Buzo migrated to Australia and worked as a civil engineer, often involved in projects within the New England region of New South Wales. He got a position at New England University in Armidale, NSW. In northern NSW, Buzo joined the Oaky River Hydro Electric Scheme. Although the project experienced some environmental and fiscal challenges, Buzo developed a design and implemented the dam's construction on the Oaky River during the 1950s. The completed dam provided thousands of people in Armidale with electricity. Buzo filmed the dam construction from beginning to end.
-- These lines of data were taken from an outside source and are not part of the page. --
lemma sum_component_mult_latent:
  assumes "\<And>b. b \<in> Bs \<Longrightarrow> is_distribution (PiE (XB b) D) (pB z b)"
  shows "(\<Sum>x\<in>PiE V D. component pB z x * h (restrict x X')) = (\<Sum>x'\<in>PiE X' D. latent z x' * h x')"
proof -
  have "(\<Sum>x\<in>PiE V D. component pB z x * h (restrict x X'))
      = (\<Sum>x\<in>PiE V D. (\<lambda>x'. latent z x' * h x') (restrict x X') * (\<Prod>b\<in>Bs. pB z b (restrict x (XB b))))"
    by (simp add: component_def ac_simps)
  also have "\<dots> = (\<Sum>x'\<in>PiE X' D. latent z x' * h x') * (\<Prod>b\<in>Bs. \<Sum>w\<in>PiE (XB b) D. pB z b w)"
    by (rule sum_PiE_factor)
  finally show ?thesis
    using assms by (simp add: is_distribution_def)
qed

lemma sum_component_mult_block:
  assumes "\<And>b. b \<in> Bs \<Longrightarrow> is_distribution (PiE (XB b) D) (pB z b)" "z \<in> Zs" "b0 \<in> Bs"
  shows "(\<Sum>x\<in>PiE V D. component pB z x * h (restrict x (XB b0)))
       = pz z * (\<Sum>w\<in>PiE (XB b0) D. pB z b0 w * h w)"
proof -
  define G where "G b w = pB z b w * (if b = b0 then h w else 1)" for b w
  have "(\<Prod>b\<in>Bs. G b (restrict x (XB b))) = (\<Prod>b\<in>Bs. pB z b (restrict x (XB b))) * h (restrict x (XB b0))" for x
    using finBs assms(3) by (simp add: G_def prod.distrib prod.delta)
  then have "(\<Sum>x\<in>PiE V D. component pB z x * h (restrict x (XB b0)))
      = (\<Sum>x\<in>PiE V D. latent z (restrict x X') * (\<Prod>b\<in>Bs. G b (restrict x (XB b))))"
    by (simp add: component_def ac_simps)
  also have "\<dots> = pz z * (\<Prod>b\<in>Bs. \<Sum>w\<in>PiE (XB b) D. G b w)"
    by (simp add: sum_PiE_factor sum_latent assms(2))
  also have "(\<Prod>b\<in>Bs. \<Sum>w\<in>PiE (XB b) D. G b w) = (\<Prod>b\<in>Bs. if b = b0 then \<Sum>w\<in>PiE (XB b0) D. pB z b0 w * h w else 1)"
    using assms(1) by (intro prod.cong) (auto simp: G_def is_distribution_def)
  finally show ?thesis
    by (simp only: prod.delta[OF finBs] assms(3) if_True)
qed

lemma component_support:
  assumes "block_abs_cont pB qB" "x \<in> PiE V D" "z \<in> Zs" "b \<in> Bs" "component pB z x \<noteq> 0"
  shows "qB z b (restrict x (XB b)) \<noteq> 0"
  using assms finBs restrict_XB_in_PiE[OF assms(2,4)]
  by (auto simp: block_abs_cont_def component_def latent_def)

lemma ln_component:
  assumes "latent z (restrict x X') \<noteq> 0" "\<And>b. b \<in> Bs \<Longrightarrow> qB z b (restrict x (XB b)) \<noteq> 0"
  shows "ln (component qB z x) = ln (latent z (restrict x X')) + (\<Sum>b\<in>Bs. ln (qB z b (restrict x (XB b))))"
  using assms finBs by (simp add: component_def ln_mult ln_prod)

lemma component_mult_ln_component:
  assumes "block_abs_cont pB qB" "x \<in> PiE V D" "z \<in> Zs"
  shows "component pB z x * ln (component qB z x)
       = component pB z x * ln (latent z (restrict x X'))
         + (\<Sum>b\<in>Bs. component pB z x * ln (qB z b (restrict x (XB b))))"
proof (cases "component pB z x = 0")
  case False
  then have "latent z (restrict x X') \<noteq> 0"
    by (simp add: component_def)
  with False show ?thesis
    using component_support[OF assms] by (simp add: ln_component distrib_left sum_distrib_left)
qed simp

lemma sum_component_ln_component:
  assumes "\<And>b. b \<in> Bs \<Longrightarrow> is_distribution (PiE (XB b) D) (pB z b)"
    and "block_abs_cont pB qB" "z \<in> Zs"
  shows "(\<Sum>x\<in>PiE V D. - component pB z x * ln (component qB z x))
       = (\<Sum>b\<in>Bs. pz z * (\<Sum>w\<in>PiE (XB b) D. - pB z b w * ln (qB z b w)))
         + (\<Sum>x'\<in>PiE X' D. - latent z x' * ln (latent z x'))"
proof -
  have latent: "(\<Sum>x\<in>PiE V D. component pB z x * ln (latent z (restrict x X')))
      = (\<Sum>x'\<in>PiE X' D. latent z x' * ln (latent z x'))"
    using sum_component_mult_latent[of pB z "\<lambda>x'. ln (latent z x')", OF assms(1)] by simp
  have block: "(\<Sum>x\<in>PiE V D. component pB z x * ln (qB z b (restrict x (XB b))))
      = pz z * (\<Sum>w\<in>PiE (XB b) D. pB z b w * ln (qB z b w))" if "b \<in> Bs" for b
    using sum_component_mult_block[of pB z b "\<lambda>w. ln (qB z b w)", OF assms(1,3) that] by simp
  have "(\<Sum>x\<in>PiE V D. component pB z x * ln (component qB z x))
      = (\<Sum>x\<in>PiE V D. component pB z x * ln (latent z (restrict x X')))
        + (\<Sum>b\<in>Bs. \<Sum>x\<in>PiE V D. component pB z x * ln (qB z b (restrict x (XB b))))"
    using assms(2,3) by (simp add: component_mult_ln_component sum.distrib sum.swap[of _ Bs])
  also have "\<dots> = (\<Sum>x'\<in>PiE X' D. latent z x' * ln (latent z x'))
        + (\<Sum>b\<in>Bs. pz z * (\<Sum>w\<in>PiE (XB b) D. pB z b w * ln (qB z b w)))"
    by (simp add: latent block)
  finally show ?thesis
    by (simp add: sum_negf sum_distrib_left)
qed

lemma joint_cross_entropy_eq:
  assumes "\<And>z b. z \<in> Zs \<Longrightarrow> b \<in> Bs \<Longrightarrow> is_distribution (PiE (XB b) D) (pB z b)"
    and "block_abs_cont pB qB"
  shows "(\<Sum>x\<in>PiE V D. \<Sum>z\<in>Zs. cross_entropy_term (component pB z x) (component qB z x))
       = (\<Sum>b\<in>Bs. \<Sum>z\<in>Zs. ereal (pz z) * cross_entropy (PiE (XB b) D) (pB z b) (qB z b))
         + entropy (PiE X' D \<times> Zs) (\<lambda>(x', z). latent z x')"
proof -
  have "component qB z x \<noteq> 0" if "x \<in> PiE V D" "z \<in> Zs" "component pB z x \<noteq> 0" for x z
    using that component_support[OF assms(2) that(1,2) _ that(3)] finBs
    by (simp add: component_def)
  then have "(\<Sum>x\<in>PiE V D. \<Sum>z\<in>Zs. cross_entropy_term (component pB z x) (component qB z x))
      = ereal (\<Sum>z\<in>Zs. \<Sum>x\<in>PiE V D. - component pB z x * ln (component qB z x))"
    by (simp add: cross_entropy_term_real sum.swap[of _ Zs] cong: sum.cong)
  also have "(\<Sum>z\<in>Zs. \<Sum>x\<in>PiE V D. - component pB z x * ln (component qB z x))
      = (\<Sum>z\<in>Zs. (\<Sum>b\<in>Bs. pz z * (\<Sum>w\<in>PiE (XB b) D. - pB z b w * ln (qB z b w)))
          + (\<Sum>x'\<in>PiE X' D. - latent z x' * ln (latent z x')))"
    using assms by (intro sum.cong refl sum_component_ln_component) auto
  also have "ereal \<dots> = ereal (\<Sum>b\<in>Bs. \<Sum>z\<in>Zs. pz z * (\<Sum>w\<in>PiE (XB b) D. - pB z b w * ln (qB z b w)))
      + ereal (\<Sum>z\<in>Zs. \<Sum>x'\<in>PiE X' D. - latent z x' * ln (latent z x'))"
    by (simp only: sum.distrib sum.swap[of _ Zs Bs] plus_ereal.simps)
  also have "ereal (\<Sum>b\<in>Bs. \<Sum>z\<in>Zs. pz z * (\<Sum>w\<in>PiE (XB b) D. - pB z b w * ln (qB z b w)))
      = (\<Sum>b\<in>Bs. \<Sum>z\<in>Zs. ereal (pz z) * cross_entropy (PiE (XB b) D) (pB z b) (qB z b))"
  proof -
    have "ereal (pz z) * cross_entropy (PiE (XB b) D) (pB z b) (qB z b)
        = ereal (pz z * (\<Sum>w\<in>PiE (XB b) D. - pB z b w * ln (qB z b w)))"
      if "z \<in> Zs" "b \<in> Bs" for z b
      using assms(2) that
      by (cases "pz z = 0") (simp_all add: block_abs_cont_def cross_entropy_real zero_ereal_def[symmetric])
    then show ?thesis
      by (simp cong: sum.cong)
  qed
  also have "ereal (\<Sum>z\<in>Zs. \<Sum>x'\<in>PiE X' D. - latent z x' * ln (latent z x'))
      = entropy (PiE X' D \<times> Zs) (\<lambda>(x', z). latent z x')"
    unfolding entropy_real by (subst sum.swap) (simp add: sum.cartesian_product split_beta)
  finally show ?thesis .
qed

lemma block_cross_entropy_infinite:
  assumes "\<not> block_abs_cont pB qB"
  shows "(\<Sum>b\<in>Bs. \<Sum>z\<in>Zs. ereal (pz z) * cross_entropy (PiE (XB b) D) (pB z b) (qB z b)) = \<infinity>"
proof -
  obtain z b w where "z \<in> Zs" "b \<in> Bs" "w \<in> PiE (XB b) D" "pz z \<noteq> 0" "pB z b w \<noteq> 0" "qB z b w = 0"
    using assms unfolding block_abs_cont_def by blast
  moreover have "0 < pz z"
    using \<open>z \<in> Zs\<close> \<open>pz z \<noteq> 0\<close> pz_nonneg by (simp add: order.strict_iff_order)
  ultimately have "ereal (pz z) * cross_entropy (PiE (XB b) D) (pB z b) (qB z b) = \<infinity>"
    by (simp add: cross_entropy_infinite finite_PiE_XB)
  then show ?thesis
    using \<open>z \<in> Zs\<close> \<open>b \<in> Bs\<close> finBs finite_Zs by (auto simp: sum_Pinfty)
qed

end

theorem theorem1:
  fixes V :: "'v set" and D :: "'v \<Rightarrow> 'a set"
    and Bs :: "'b set" and XB :: "'b \<Rightarrow> 'v set"
    and Zs :: "'z set" and pz :: "'z \<Rightarrow> real"
    and pB qB :: "'z \<Rightarrow> 'b \<Rightarrow> ('v \<Rightarrow> 'a) \<Rightarrow> real"
    and pu :: "'z \<Rightarrow> 'v \<Rightarrow> 'a \<Rightarrow> real"
  defines "X' \<equiv> V - (\<Union>b\<in>Bs. XB b)"
  assumes finV: "finite V"
    and finD: "\<And>i. i \<in> V \<Longrightarrow> finite (D i)"
    and finBs: "finite Bs"
    and XB_sub: "\<And>b. b \<in> Bs \<Longrightarrow> XB b \<subseteq> V"
    and XB_disj: "disjoint_family_on XB Bs"
    and pz_dist: "is_distribution Zs pz"
    and pB_dist: "\<And>z b. z \<in> Zs \<Longrightarrow> b \<in> Bs \<Longrightarrow> is_distribution (PiE (XB b) D) (pB z b)"
    and qB_dist: "\<And>z b. z \<in> Zs \<Longrightarrow> b \<in> Bs \<Longrightarrow> is_distribution (PiE (XB b) D) (qB z b)"
    and pu_dist: "\<And>z i. z \<in> Zs \<Longrightarrow> i \<in> X' \<Longrightarrow> is_distribution (D i) (pu z i)"
  shows "cross_entropy (PiE V D) (mixture Zs pz Bs XB pB X' pu) (mixture Zs pz Bs XB qB X' pu)
         \<le> (\<Sum>b\<in>Bs. \<Sum>z\<in>Zs. ereal (pz z) * cross_entropy (PiE (XB b) D) (pB z b) (qB z b))
           + entropy (PiE X' D \<times> Zs) (\<lambda>(x', z). pz z * (\<Prod>i\<in>X'. pu z i (x' i)))"
proof -
  interpret bucket_mixture V D Bs XB Zs pz pu X'
    using assms by unfold_locales simp_all
  have "cross_entropy (PiE V D) (mixture Zs pz Bs XB pB X' pu) (mixture Zs pz Bs XB qB X' pu)
      \<le> (\<Sum>x\<in>PiE V D. \<Sum>z\<in>Zs. cross_entropy_term (component pB z x) (component qB z x))"
    unfolding mixture_eq_sum_component using pB_dist qB_dist
    by (intro cross_entropy_sum_le finite_Zs component_nonneg) (auto simp: is_distribution_def)
  moreover have "(\<lambda>(x', z). pz z * (\<Prod>i\<in>X'. pu z i (x' i))) = (\<lambda>(x', z). latent z x')"
    by (simp add: latent_def)
  ultimately show ?thesis
    using joint_cross_entropy_eq[OF pB_dist] block_cross_entropy_infinite
    by (cases "block_abs_cont pB qB") simp_all
qed

end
After Buzo's death in 2006, the footage was acquired by the Australian National Film and Sound Archive and made into a film about the dam and his life in 2015.[1]
From the 1960s onward, Buzo was employed at the World Health Organization for fourteen years and worked on public health projects spanning more than forty countries in Africa, Asia and South America. During the 1990s, Buzo was involved in lobbying activities and participated in Albanian community delegations where he met Australia's Foreign Minister Gareth Evans and raised the issue of Kosovo and its Albanian population multiple times. He helped numerous Albanians from Albania settle in Australia.
In 1941, Buzo met Elaine Johnson, an Australian teacher of Irish descent and both married the following year. The couple had two sons, Alex Buzo (1944-2006), a writer and playwright born in Sydney, and Adrian Buzo (born 1948, Brisbane),[2] [3] a Korean studies scholar and former Australian diplomat.[4] [5] His granddaughter is Eva Buzo, ultramarathon swimmer, [6] human rights barrister, executive director of the NGO Victim Advocates International.[7]
In the 1991 Australia Day Honours, Buzo's contribution toward the community was recognised in Australia and he was awarded the Order of Australia medal.[8] Buzo was a member of the American Society of Civil Engineers. Engineers Australia bestowed Buzo with a Honorary Fellowship, an award he cherished above others as it was from his colleagues.[9] Buzo died in July 2006.[10] [11]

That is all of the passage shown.